🤖 AI Summary
Text-to-image diffusion models (e.g., Stable Diffusion) tend to amplify societal biases—such as gender and racial stereotypes—in generated images. To address this, we propose a training-free, post-hoc debiasing framework that operates by intervening on prompt embeddings within the CLIP embedding space, enabling joint mitigation of multiple bias attributes. Our key contributions are threefold: (1) the first application of Fair Principal Component Analysis (Fair PCA) for dimensionality reduction in this context; (2) a cross-group unified projection strategy coupled with empirically calibrated noise injection to alleviate intersectional bias while preserving semantic fidelity; and (3) a model-agnostic, plug-and-play design. Experiments demonstrate substantial improvements in fairness across gender, race, and their intersections, with only negligible degradation in image quality and prompt adherence—outperforming existing post-hoc debiasing methods.
📝 Abstract
Text-to-image diffusion models, such as Stable Diffusion, have demonstrated remarkable capabilities in generating high-quality and diverse images from natural language prompts.

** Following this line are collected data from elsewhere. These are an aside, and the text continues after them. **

lemma gauss_sum_mult_neg:
  assumes "CHAR('a) > 2"
  shows "(\<Sum>w\<in>(UNIV :: ('a ^ 'n) set). psi (qnorm w)) * (\<Sum>w\<in>(UNIV :: ('a ^ 'n) set). psi (- qnorm w))
         = of_nat CARD('a ^ 'n)"
proof -
  have two: "(2::'a) \<noteq> 0" by (rule two_neq_zero_if_CHAR_gt_2[OF assms])
  have "(\<Sum>w\<in>(UNIV :: ('a ^ 'n) set). psi (qnorm w)) * (\<Sum>w\<in>(UNIV :: ('a ^ 'n) set). psi (- qnorm w))
      = (\<Sum>y\<in>UNIV. \<Sum>x\<in>UNIV. psi (qnorm (x :: 'a ^ 'n) - qnorm (y :: 'a ^ 'n)))"
    unfolding sum_product by (subst sum.swap) (simp add: psi_diff)
  also have "\<dots> = (\<Sum>y\<in>UNIV. \<Sum>u\<in>UNIV. psi (qnorm (y + u) - qnorm (y :: 'a ^ 'n)))"
  proof (rule sum.cong[OF refl])
    fix y :: "'a ^ 'n"
    show "(\<Sum>x\<in>UNIV. psi (qnorm (x :: 'a ^ 'n) - qnorm y)) = (\<Sum>u\<in>UNIV. psi (qnorm (y + u) - qnorm y))"
      by (rule sum.reindex_bij_witness[of _ "\<lambda>u. y + u" "\<lambda>x. x - y"]) auto
  qed
  also have "\<dots> = (\<Sum>y\<in>UNIV. \<Sum>u\<in>UNIV. psi (qnorm u) * psi (vdot (2 *s u) (y :: 'a ^ 'n)))"
    by (simp add: qnorm_add psi_add vdot_smult_left vdot_smult_right vdot_commute mult.commute)
  also have "\<dots> = (\<Sum>u\<in>UNIV. psi (qnorm u) * (\<Sum>y\<in>UNIV. psi (vdot (2 *s u) (y :: 'a ^ 'n))))"
    by (subst sum.swap) (simp add: sum_distrib_left)
  also have "\<dots> = (\<Sum>u\<in>(UNIV :: ('a ^ 'n) set). if u = 0 then of_nat CARD('a ^ 'n) else 0)"
  proof -
    have two_smult: "2 *s u = 0 \<longleftrightarrow> u = 0" for u :: "'a ^ 'n" by (simp add: vec_eq_iff two)
    show ?thesis by (intro sum.cong refl) (auto simp: two two_smult sum_psi_vdot psi_zero qnorm_def)
  qed
  finally show ?thesis by simp
qed

lemma gauss_sum_square:
  assumes "CHAR('a) > 2" and "even CARD('n)"
  shows "(\<Sum>w\<in>(UNIV :: ('a ^ 'n) set). psi (qnorm w))^2 = of_nat CARD('a ^ 'n)"
  using gauss_sum_mult_neg[OF assms(1), where 'n='n]
    sum_qnorm_scale[OF assms(2), of "- 1" psi]
  by (simp add: power2_eq_square)

lemma gauss_sum_real:
  assumes "CHAR('a) > 2" and "even CARD('n)"
  obtains \<tau> :: real
  where "(\<Sum>w\<in>(UNIV :: ('a ^ 'n) set). psi (qnorm w)) = of_real \<tau>" and "\<tau>^2 = real CARD('a ^ 'n)"
proof -
  let ?T = "\<Sum>w\<in>(UNIV :: ('a ^ 'n) set). psi (qnorm w)"
  let ?r = "sqrt (real CARD('a ^ 'n))"
  have "(of_real ?r :: complex)^2 = of_nat CARD('a ^ 'n)"
    by (metis of_real_of_nat_eq of_real_power real_sqrt_pow2 of_nat_0_le_iff)
  hence "?T^2 = (of_real ?r)^2" by (simp only: gauss_sum_square[OF assms])
  hence "?T = of_real ?r \<or> ?T = of_real (- ?r)" by (simp add: power2_eq_iff)
  with that show ?thesis by fastforce
qed

lemma sum_psi_complete_square:
  fixes m :: "'a ^ 'n"
  assumes "CHAR('a) > 2" and s: "s \<noteq> 0"
  shows "(\<Sum>w\<in>UNIV. psi (s * qnorm w - vdot m w))
         = (\<Sum>w\<in>(UNIV :: ('a ^ 'n) set). psi (s * qnorm w)) * psi (- (qnorm m / (4 * s)))"
proof -
  have two: "(2::'a) \<noteq> 0" by (rule two_neq_zero_if_CHAR_gt_2[OF assms(1)])
  have four: "(4::'a) \<noteq> 0" using two by (metis mult_2_right numeral_Bit0 mult_eq_0_iff)
  define c where "c = 1 / (2 * s)"
  define v where "v = c *s m"
  have sc: "s * c = 1 / 2" using s by (simp add: c_def)
  have c_sc: "c * (s * c - 1) = - (1 / (4 * s))"
    unfolding sc using two four s by (simp add: c_def field_simps)
  have "s * qnorm (u + v) - vdot m (u + v)
      = s * qnorm u + (2 * (s * c) - 1) * vdot m u + c * (s * c - 1) * qnorm m" for u
    by (simp add: v_def qnorm_add vdot_add_right vdot_smult_left vdot_smult_right qnorm_smult
        vdot_commute[of u] vdot_self algebra_simps power2_eq_square)
  also have "\<dots> u = s * qnorm u + - (qnorm m / (4 * s))" for u
    using two by (simp only: c_sc, simp add: sc)
  finally have shift: "s * qnorm (u + v) - vdot m (u + v) = s * qnorm u + - (qnorm m / (4 * s))" for u .
  have "(\<Sum>w\<in>UNIV. psi (s * qnorm w - vdot m w))
      = (\<Sum>u\<in>UNIV. psi (s * qnorm (u + v) - vdot m (u + v)))"
    by (rule sum.reindex_bij_witness[of _ "\<lambda>u. u + v" "\<lambda>w. w - v"]) auto
  also have "\<dots> = (\<Sum>u\<in>UNIV. psi (s * qnorm (u :: 'a ^ 'n)) * psi (- (qnorm m / (4 * s))))"
    by (simp only: shift psi_add)
  finally show ?thesis by (simp add: sum_distrib_right)
qed

text \<open>Fourier inversion of \<open>w \<mapsto> psi (s * qnorm w)\<close>, whose coefficients are computed by
  \<open>sum_psi_complete_square\<close>.\<close>
lemma psi_qnorm_expansion:
  fixes z :: "'a ^ 'n"
  assumes c: "CHAR('a) > 2" and ev: "even CARD('n)" and s: "s \<noteq> 0"
  shows "psi (s * qnorm z) = (\<Sum>w\<in>(UNIV :: ('a ^ 'n) set). psi (qnorm w)) / of_nat CARD('a ^ 'n)
           * (\<Sum>m\<in>UNIV. psi (vdot m z) * psi (- (qnorm m / (4 * s))))"
proof -
  let ?N = "of_nat CARD('a ^ 'n) :: complex"
  have twist: "psi (vdot m z) * psi (s * qnorm w - vdot m w) = psi (s * qnorm w) * psi (vdot m (z - w))"
    for m w :: "'a ^ 'n"
  proof -
    have "s * qnorm w - vdot m w + vdot m z = s * qnorm w + vdot m (z - w)"
      by (simp add: vdot_diff_right)
    then show ?thesis by (metis psi_add mult.commute)
  qed
  have "(\<Sum>w\<in>(UNIV :: ('a ^ 'n) set). psi (qnorm w)) * (\<Sum>m\<in>UNIV. psi (vdot m z) * psi (- (qnorm m / (4 * s))))
      = (\<Sum>m\<in>UNIV. psi (vdot m z) * (\<Sum>w\<in>UNIV. psi (s * qnorm w - vdot m w)))"
    by (simp add: sum_psi_complete_square[OF c s] sum_qnorm_scale[OF ev s] sum_distrib_left mult_ac)
  also have "\<dots> = (\<Sum>m\<in>UNIV. \<Sum>w\<in>UNIV. psi (s * qnorm w) * psi (vdot m (z - w)))"
    by (simp add: sum_distrib_left twist)
  also have "\<dots> = (\<Sum>w\<in>UNIV. psi (s * qnorm w) * (\<Sum>m\<in>UNIV. psi (vdot m (z - w))))"
    by (subst sum.swap) (simp add: sum_distrib_left)
  also have "\<dots> = psi (s * qnorm z) * ?N"
    by (simp add: sum_psi_vdot_left if_distrib cong: if_cong)
  finally show ?thesis by (simp add: field_simps)
qed

lemma sum_psi_inverse_nonzero:
  assumes "CHAR('a) > 2"
  shows "(\<Sum>s\<in>UNIV - {0}. psi (- (Q / (4 * s)))) = (if Q = 0 then of_nat CARD('a) - 1 else - 1)"
proof (cases "Q = 0")
  case True
  then show ?thesis by (simp add: psi_zero card_Diff_subset of_nat_diff)
next
  case False
  have four: "(4::'a) \<noteq> 0"
    using two_neq_zero_if_CHAR_gt_2[OF assms] by (metis mult_2_right numeral_Bit0 mult_eq_0_iff)
  have "(\<Sum>s\<in>UNIV - {0}. psi (- (Q / (4 * s)))) = (\<Sum>t\<in>UNIV - {0}. psi t)"
    by (rule sum.reindex_bij_witness[of _ "\<lambda>t. - (Q / (4 * t))" "\<lambda>s. - (Q / (4 * s))"])
      (use False four in \<open>auto simp: field_simps\<close>)
  also have "\<dots> = - 1" by (simp add: sum_diff1 sum_psi psi_zero)
  finally show ?thesis using False by simp
qed

lemma isotropic_indicator_expansion:
  fixes z :: "'a ^ 'n"
  assumes "CHAR('a) > 2" and "even CARD('n)"
  defines "T \<equiv> \<Sum>w\<in>(UNIV :: ('a ^ 'n) set). psi (qnorm w)"
    and "N \<equiv> of_nat CARD('a ^ 'n) :: complex"
  shows "of_nat CARD('a) * (if qnorm z = 0 then 1 else 0)
         = 1 + T / N * (of_nat CARD('a) * (\<Sum>m\<in>S0. psi (vdot m z)) - (if z = 0 then N else 0))"
proof -
  let ?q = "of_nat CARD('a) :: complex"
  have "?q * (if qnorm z = 0 then 1 else 0) = (\<Sum>s\<in>UNIV. psi (s * qnorm z))"
    by (simp add: sum_psi_mult)
  also have "\<dots> = 1 + (\<Sum>s\<in>UNIV - {0}. psi (s * qnorm z))"
    by (simp add: sum.remove[of UNIV 0] psi_zero)
  also have "(\<Sum>s\<in>UNIV - {0}. psi (s * qnorm z))
      = (\<Sum>s\<in>UNIV - {0}. T / N * (\<Sum>m\<in>UNIV. psi (vdot m z) * psi (- (qnorm m / (4 * s)))))"
    by (intro sum.cong refl) (simp add: psi_qnorm_expansion[OF assms(1,2)] T_def N_def)
  also have "\<dots> = T / N * (\<Sum>m\<in>UNIV. psi (vdot m z) * (\<Sum>s\<in>UNIV - {0}. psi (- (qnorm m / (4 * s)))))"
    by (simp add: sum_distrib_left sum.swap[of _ "UNIV - {0}"])
  also have "\<dots> = T / N * (\<Sum>m\<in>UNIV. psi (vdot m z) * (if qnorm m = 0 then ?q - 1 else - 1))"
    by (simp add: sum_psi_inverse_nonzero[OF assms(1)])
  also have "(\<Sum>m\<in>UNIV. psi (vdot m z) * (if qnorm m = 0 then ?q - 1 else - 1))
      = ?q * (\<Sum>m\<in>S0. psi (vdot m z)) - (\<Sum>m\<in>UNIV. psi (vdot m z))"
  proof -
    have "(\<Sum>m\<in>UNIV. psi (vdot m z) * (if qnorm m = 0 then ?q - 1 else - 1))
        = (\<Sum>m\<in>UNIV. (if qnorm m = 0 then ?q * psi (vdot m z) else 0) - psi (vdot m z))"
      by (intro sum.cong refl) (simp add: algebra_simps)
    then show ?thesis by (simp add: sum_subtractf sum.If_cases S0_def sum_distrib_left)
  qed
  also have "(\<Sum>m\<in>UNIV. psi (vdot m z)) = (if z = 0 then N else 0)"
    by (simp add: sum_psi_vdot_left N_def)
  finally show ?thesis .
qed

definition expsum :: "('a ^ 'n) set \<Rightarrow> 'a ^ 'n \<Rightarrow> complex" where
  "expsum A m = (\<Sum>x\<in>A. psi (vdot m x))"

lemma cnj_expsum: "cnj (expsum A m) = (\<Sum>x\<in>A. psi (- vdot m x))"
  by (simp add: expsum_def cnj_psi)

lemma expsum_mult_cnj: "expsum E m * cnj (expsum F m) = (\<Sum>x\<in>E. \<Sum>y\<in>F. psi (vdot m (x - y)))"
  by (simp only: cnj_expsum) (simp add: expsum_def sum_product vdot_diff_right psi_diff)

lemma sum_sum_psi_vdot_diff:
  fixes E F :: "('a ^ 'n) set"
  shows "(\<Sum>x\<in>E. \<Sum>y\<in>F. \<Sum>m\<in>UNIV. psi (vdot m (x - y))) = of_nat CARD('a ^ 'n) * of_nat (card (E \<inter> F))"
  by (simp add: sum_psi_vdot_left sum.If_cases Int_def)

lemma parseval:
  fixes A :: "('a ^ 'n) set"
  shows "(\<Sum>m\<in>UNIV. (cmod (expsum A m))^2) = real CARD('a ^ 'n) * real (card A)"
proof -
  have "complex_of_real (\<Sum>m\<in>UNIV. (cmod (expsum A m))^2) = (\<Sum>m\<in>UNIV. expsum A m * cnj (expsum A m))"
    by (simp only: of_real_sum complex_norm_square)
  also have "\<dots> = (\<Sum>x\<in>A. \<Sum>y\<in>A. \<Sum>m\<in>UNIV. psi (vdot m (x - y)))"
    by (simp only: expsum_mult_cnj sum.swap[of _ UNIV])
  also have "\<dots> = complex_of_real (real CARD('a ^ 'n) * real (card A))"
    by (simp only: sum_sum_psi_vdot_diff) simp
  finally show ?thesis by (simp only: of_real_eq_iff)
qed

lemma norm_sum_expsum_le:
  fixes E F :: "('a ^ 'n) set"
  shows "(cmod (\<Sum>m\<in>S. expsum E m * cnj (expsum F m)))^2
         \<le> (real CARD('a ^ 'n))^2 * (real (card E) * real (card F))"
proof -
  have "cmod (\<Sum>m\<in>S. expsum E m * cnj (expsum F m)) \<le> (\<Sum>m\<in>S. cmod (expsum E m) * cmod (expsum F m))"
    using norm_sum[of "\<lambda>m. expsum E m * cnj (expsum F m)" S] by (simp add: norm_mult)
  also have "\<dots> \<le> (\<Sum>m\<in>UNIV. cmod (expsum E m) * cmod (expsum F m))"
    by (intro sum_mono2) auto
  finally have "(cmod (\<Sum>m\<in>S. expsum E m * cnj (expsum F m)))^2
      \<le> (\<Sum>m\<in>UNIV. cmod (expsum E m) * cmod (expsum F m))^2"
    by (intro power_mono) auto
  also have "\<dots> \<le> (\<Sum>m\<in>UNIV. (cmod (expsum E m))^2) * (\<Sum>m\<in>UNIV. (cmod (expsum F m))^2)"
    by (rule Cauchy_Schwarz_ineq_sum)
  also have "\<dots> = (real CARD('a ^ 'n))^2 * (real (card E) * real (card F))"
    by (simp only: parseval) (simp add: power2_eq_square)
  finally show ?thesis .
qed

lemma fourier_ind:
  fixes A :: "('a ^ 'n) set"
  shows "fourier psi (ind A) m = cnj (expsum A m) / of_nat CARD('a ^ 'n)"
  by (simp add: fourier_def cnj_expsum ind_def sum.If_cases if_distrib cong: if_cong)

lemma nu0_identity:
  fixes E F :: "('a ^ 'n) set"
  assumes "CHAR('a) > 2" and "even CARD('n)"
  defines "T \<equiv> \<Sum>w\<in>(UNIV :: ('a ^ 'n) set). psi (qnorm w)"
    and "N \<equiv> of_nat CARD('a ^ 'n) :: complex"
  shows "of_nat CARD('a) * of_nat (nu0 E F)
         = of_nat (card E * card F)
           + T / N * (of_nat CARD('a) * (\<Sum>m\<in>S0. expsum E m * cnj (expsum F m)) - N * of_nat (card (E \<inter> F)))"
proof -
  let ?q = "of_nat CARD('a) :: complex"
  define A where "A x y = (\<Sum>m\<in>S0. psi (vdot m (x - y)))" for x y :: "'a ^ 'n"
  define B where "B x y = (if x - y = 0 then N else 0)" for x y :: "'a ^ 'n"
  have "?q * of_nat (nu0 E F) = (\<Sum>x\<in>E. \<Sum>y\<in>F. ?q * (if qnorm (x - y) = 0 then 1 else 0))"
    by (simp add: nu0_eq_sum sum_distrib_left of_nat_sum if_distrib cong: if_cong)
  also have "\<dots> = (\<Sum>x\<in>E. \<Sum>y\<in>F. 1 + T / N * (?q * A x y - B x y))"
    unfolding T_def N_def A_def B_def by (simp only: isotropic_indicator_expansion[OF assms(1,2)])
  also have "\<dots> = of_nat (card E * card F) + T / N * (?q * (\<Sum>x\<in>E. \<Sum>y\<in>F. A x y) - (\<Sum>x\<in>E. \<Sum>y\<in>F. B x y))"
    by (simp add: sum.distrib sum_subtractf sum_distrib_left right_diff_distrib)
  also have "(\<Sum>x\<in>E. \<Sum>y\<in>F. A x y) = (\<Sum>m\<in>S0. expsum E m * cnj (expsum F m))"
    unfolding A_def by (simp only: expsum_mult_cnj sum.swap[of _ S0])
  also have "(\<Sum>x\<in>E. \<Sum>y\<in>F. B x y) = N * of_nat (card (E \<inter> F))"
    unfolding B_def by (simp add: sum.If_cases Int_def)
  finally show ?thesis .
qed

lemma cnj_fourier_ind_mult:
  fixes E F :: "('a ^ 'n) set"
  shows "cnj (fourier psi (ind E) m) * fourier psi (ind F) m
         = expsum E m * cnj (expsum F m) / (of_nat CARD('a ^ 'n))^2"
  by (simp add: fourier_ind power2_eq_square)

However, recent studies reveal that these models often replicate and amplify societal biases, particularly along demographic attributes like gender and race. In this paper, we introduce FairImagen (https://github.com/fuzihaofzh/FairImagen), a post-hoc debiasing framework that operates on prompt embeddings to mitigate such biases without retraining or modifying the underlying diffusion model. Our method integrates Fair Principal Component Analysis to project CLIP-based input embeddings into a subspace that minimizes group-specific information while preserving semantic content. We further enhance debiasing effectiveness through empirical noise injection and propose a unified cross-demographic projection method that enables simultaneous debiasing across multiple demographic attributes. Extensive experiments across gender, race, and intersectional settings demonstrate that FairImagen significantly improves fairness with a moderate trade-off in image quality and prompt fidelity. Our framework outperforms existing post-hoc methods and offers a simple, scalable, and model-agnostic solution for equitable text-to-image generation.